Pascal Martin, assesseurs
recourant
A. X.________, à 1********,
autorité intimée
Office cantonal des bourses d'études
et d'apprentissage, à
Lausanne
Objet
Décision en matière d'aide aux études
Recours A. X.________ c/ décision de l'Office cantonal des
bourses d'études et d'apprentissage du 24 novembre 2004 concernant B.
X.________
Faits
Vu les faits suivants
A.
a) B. X.________ est née en 1982. Ses parents A.
X.________ et C. X.________-Y.________ ont eu deux autres enfants, D.
X.________, né en 1986 et donc majeur, aux études, ainsi que E. X.________, à
l'assurance-invalidité.
B.
a) B. X.________ a entrepris des études à l'Université de
Fribourg, en vue d'obtenir une licence en lettres, cela dès l'année 2001-2002.
b) Elle a demandé et obtenu une bourse pour l'année
2001-2002, alors que cette aide lui a été refusée pour l'année 2002-2003. En
revanche, une bourse a également été octroyée pour l'année 2003-2004.
c) B. X.________ a demandé à nouveau une bourse
d'études pour l'année universitaire 2004-2005. On notera à cet égard qu'elle
accomplit cette année d'études à l'Université de Cologne, cela dans le cadre du
programme européen Erasmus; une "bourse de mobilité" lui a été
allouée à cet effet. Celle-ci doit couvrir les coûts supplémentaires
occasionnés par le séjour à l'étranger (logement, frais de voyage, cours de
langue, etc.; voir à ce sujet le document intitulé "Programme de
mobilité" édité par l'Université de Fribourg, lequel a été versé au
dossier).
d) B. X.________ a demandé à nouveau l'octroi d'une
bourse, pour l'année 2004-2005.
L'Office cantonal des bourses d'études et
d'apprentissage (ci-après : OCBEA), lui a refusé ses prestations, par décision
du 7 septembre 2004, au motif que la capacité financière de sa famille
dépassait les normes fixées.
C.
a) On tire ce qui suit d'une lettre de l'OCBEA à B.

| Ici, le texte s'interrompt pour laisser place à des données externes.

(* Every class $[\mathfrak{p}]\in\mathfrak{F}_4''$ contains a unique quadruple of the form $$p_1=(1,\tan a),\quad p_2=\infty,\quad p_3=(0,0),\quad p_4=(z,t),$$ where $a\in(-\pi/2,\pi/2)$ (in fact $a=\mathbb{A}(p_1,p_2,p_3)$), $z\in\mathbb{C}\setminus\{0\}$, $t\in\mathbb{R}$ and $t\neq |z|^2\tan a$. The map $\mathcal{B}_0:\mathfrak{F}_4''\to\mathcal{C}'(\mathfrak{H}^\star)$, $\mathcal{B}_0([\mathfrak{p}])=(z,t,e^{\tan a})$, is a well-defined bijection onto $$\mathcal{C}'(\mathfrak{H}^\star)=\{(z,t,r)\in(\mathbb{C}\setminus\{0\})\times\mathbb{R}\times\mathbb{R}_{>0}\;:\;\log r\neq t/|z|^2\}.$$ Consequently $\mathfrak{F}_4''$ inherits (by transport of structure via $\mathcal{B}_0$) the Kähler structure of the open subset $\mathcal{C}'(\mathfrak{H}^\star)$ of the Riemannian cone $\mathcal{C}(\mathfrak{H}^\star)$.
   Context: Let $\mathbb{C}^{2,1}$ denote $\mathbb{C}^3$ with the Hermitian form $\langle \mathbf z,\mathbf w\rangle=z_1\overline{w_3}+z_2\overline{w_2}+z_3\overline{w_1}$. The boundary $\partial\mathbf{H}^2_\mathbb{C}$ of complex hyperbolic plane is the set of complex lines of null vectors; it is identified with $(\mathbb{C}\times\mathbb{R})\cup\{\infty\}$, where $(z,t)$ corresponds to the line spanned by $(-|z|^2+it,\sqrt2 z,1)^T$ and $\infty$ to the line spanned by $(1,0,0)^T$. The group ${\rm PU}(2,1)$ (projectivised unitary group of $\langle\cdot,\cdot\rangle$) acts on $\partial\mathbf{H}^2_\mathbb{C}$. A $\mathbb{C}$-circle is the intersection of $\partial\mathbf{H}^2_\mathbb{C}$ with the projectivisation of a complex 2-dimensional subspace of $\mathbb{C}^{2,1}$ on which the form has signature $(1,1)$ (i.e. the boundary of a complex geodesic). Cartan's angular invariant of a triple of distinct boundary points with lifts $\mathbf p_i$ is $\mathbb{A}(p_1,p_2,p_3)=\arg\left(-\langle\mathbf p_1,\mathbf p_2\rangle\langle\mathbf p_2,\mathbf p_3\rangle\langle\mathbf p_3,\mathbf p_1\rangle\right)\in[-\pi/2,\pi/2]$. Let $\mathfrak{C}_4''$ be the set of ordered quadruples $\mathfrak{p}=(p_1,p_2,p_3,p_4)$ of pairwise distinct points of $\partial\mathbf{H}^2_\mathbb{C}$ such that: $p_1,p_2,p_3$ do not lie on a common $\mathbb{C}$-circle; $p_2,p_3,p_4$ do not lie on a common $\mathbb{C}$-circle; and $p_4$ is not in the orbit of $p_1$ under the subgroup of ${\rm PU}(2,1)$ fixing $p_2$ and $p_3$. Let $\mathfrak{F}_4''=\mathfrak{C}_4''/{\rm PU}(2,1)$ (diagonal action). The affine-rotational group $\mathfrak{H}^\star$ is $(\mathbb{C}\setminus\{0\})\times\mathbb{R}$ with product $(z,t)\star(w,s)=(zw,t+s|z|^2)$. On it, with $z=x+iy$, let $\mathbf{X}=x\partial_x+y\partial_y$, $\mathbf{Y}=x\partial_y-y\partial_x-2|z|^2\partial_t$, $\mathbf{T}=x\partial_y-y\partial_x$, let $\omega^\star=\frac{dt+2x\,dy-2y\,dx}{2|z|^2}$, and let $g^\star$ be the Riemannian metric for which $\{\mathbf X,\mathbf Y,\mathbf T\}$ is orthonormal. The Riemannian cone is $\mathcal{C}(\mathfrak{H}^\star)=\mathfrak{H}^\star\times\mathbb{R}_{>0}$ with metric $dr^2+r^2g^\star$, almost complex structure $\mathbb{J}\mathbf X=\mathbf Y$, $\mathbb{J}\mathbf Y=-\mathbf X$, $\mathbb{J}\mathbf T=-r\partial_r$, $\mathbb{J}(r\partial_r)=\mathbf T$, and 2-form $d(r^2\omega^\star/2)$; this is a Kähler manifold. *)

theory Defs
  imports "HOL-Analysis.Analysis"
begin

text \<open>Vectors of C^{2,1} are elements of complex^3; the Hermitian form of signature (2,1).\<close>

definition herm :: "complex^3 \<Rightarrow> complex^3 \<Rightarrow> complex" where
  "herm v w = v$1 * cnj (w$3) + v$2 * cnj (w$2) + v$3 * cnj (w$1)"

definition vec3 :: "complex \<Rightarrow> complex \<Rightarrow> complex \<Rightarrow> complex^3" where
  "vec3 a b c = (\<chi> i. if i = 1 then a else if i = 2 then b else c)"

text \<open>Boundary points: None is \<infinity>, Some (z,t) is the Heisenberg point (z,t).\<close>
type_synonym bpt = "(complex \<times> real) option"

definition lift :: "bpt \<Rightarrow> complex^3" where
  "lift p = (case p of None \<Rightarrow> vec3 1 0 0
     | Some (z, t) \<Rightarrow> vec3 (- complex_of_real ((cmod z)\<^sup>2) + \<i> * complex_of_real t)
                          (complex_of_real (sqrt 2) * z) 1)"

text \<open>The unitary group U(2,1) of the form (PU(2,1) acts through it).\<close>
definition U21 :: "(complex^3^3) set" where
  "U21 = {A. invertible A \<and> (\<forall>v w. herm (A *v v) (A *v w) = herm v w)}"

definition acts :: "complex^3^3 \<Rightarrow> bpt \<Rightarrow> bpt \<Rightarrow> bool" where
  "acts A p q \<longleftrightarrow> (\<exists>c. c \<noteq> 0 \<and> A *v lift p = c *s lift q)"

type_synonym quad = "bpt \<times> bpt \<times> bpt \<times> bpt"

definition pu_equiv :: "quad \<Rightarrow> quad \<Rightarrow> bool" where
  "pu_equiv p q \<longleftrightarrow> (case p of (p1, p2, p3, p4) \<Rightarrow> case q of (q1, q2, q3, q4) \<Rightarrow>
      (\<exists>A\<in>U21. acts A p1 q1 \<and> acts A p2 q2 \<and> acts A p3 q3 \<and> acts A p4 q4))"

text \<open>C-circles: boundaries of complex geodesics, i.e. boundary points whose lifts lie in
  a complex 2-dimensional subspace on which the form has signature (1,1) (given by a
  basis u, w with h(u,u)=1, h(w,w)=-1, h(u,w)=0).\<close>
definition C_circles :: "bpt set set" where
  "C_circles = {{p. \<exists>a b. lift p = a *s u + b *s w} | u w.
      herm u u = 1 \<and> herm w w = -1 \<and> herm u w = 0}"

definition on_C_circle :: "bpt \<Rightarrow> bpt \<Rightarrow> bpt \<Rightarrow> bool" where
  "on_C_circle p q r \<longleftrightarrow> (\<exists>C\<in>C_circles. p \<in> C \<and> q \<in> C \<and> r \<in> C)"

definition cartan :: "bpt \<Rightarrow> bpt \<Rightarrow> bpt \<Rightarrow> real" where
  "cartan p1 p2 p3 = Arg (- (herm (lift p1) (lift p2) * herm (lift p2) (lift p3)
                             * herm (lift p3) (lift p1)))"

definition C4'' :: "quad set" where
  "C4'' = {(p1, p2, p3, p4). p1 \<noteq> p2 \<and> p1 \<noteq> p3 \<and> p1 \<noteq> p4 \<and> p2 \<noteq> p3 \<and> p2 \<noteq> p4 \<and> p3 \<noteq> p4
      \<and> \<not> on_C_circle p1 p2 p3 \<and> \<not> on_C_circle p2 p3 p4
      \<and> \<not> (\<exists>A\<in>U21. acts A p2 p2 \<and> acts A p3 p3 \<and> acts A p1 p4)}"

definition F4'' :: "quad set set" where
  "F4'' = C4'' // {(p, q). p \<in> C4'' \<and> q \<in> C4'' \<and> pu_equiv p q}"

definition NF :: "real \<Rightarrow> complex \<Rightarrow> real \<Rightarrow> quad" where
  "NF a z t = (Some (1, tan a), None, Some (0, 0), Some (z, t))"

definition C'_Hstar :: "(complex \<times> real \<times> real) set" where
  "C'_Hstar = {(z, t, r). z \<noteq> 0 \<and> r > 0 \<and> ln r \<noteq> t / (cmod z)\<^sup>2}"

end

theory Submission
  imports Defs
begin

X.________, datée du 24 novembre 2004 :
" A la suite du passage de votre mère à l'office le 18
novembre 2004, nous avons repris l'examen de votre dossier en fonction de la
décision de la Commission d'impôt de Moudon.
[…] nous maintenons donc notre décision de refus du 7
septembre 2004"
Agissant par acte du 10 décembre 2004, A. X.________
a recouru contre la décision du 24 novembre précédent.
L'office, dans sa réponse du 7 janvier 2005, propose
le rejet du recours.
b) En substance, outre diverses explications
relatives aux calculs opérés, l'office évoque quelques modifications de sa
pratique.
En parallèle avec le passage à un régime de taxation
postnumérando, l'office rend désormais dans un premier temps des décisions
provisoires fondées sur la déclaration d'impôt jointe à la demande; il statue
ensuite de manière définitive, lorsqu'il reçoit la décision de taxation des
Offices d'impôt. Cette solution doit lui permettre de tenir compte au plus près
de la situation financière des intéressés (mais elle n'a apparemment pas été
appliquée en l'espèce, la décision du 4 novembre 2004, fondée sur la
déclaration d'impôt, n'étant pas qualifiée de provisoire; la taxation des époux
Urscheler était toutefois connue de l'office le 24 novembre 2004, lorsque
celui-ci a confirmé sa décision du 4 novembre précédent).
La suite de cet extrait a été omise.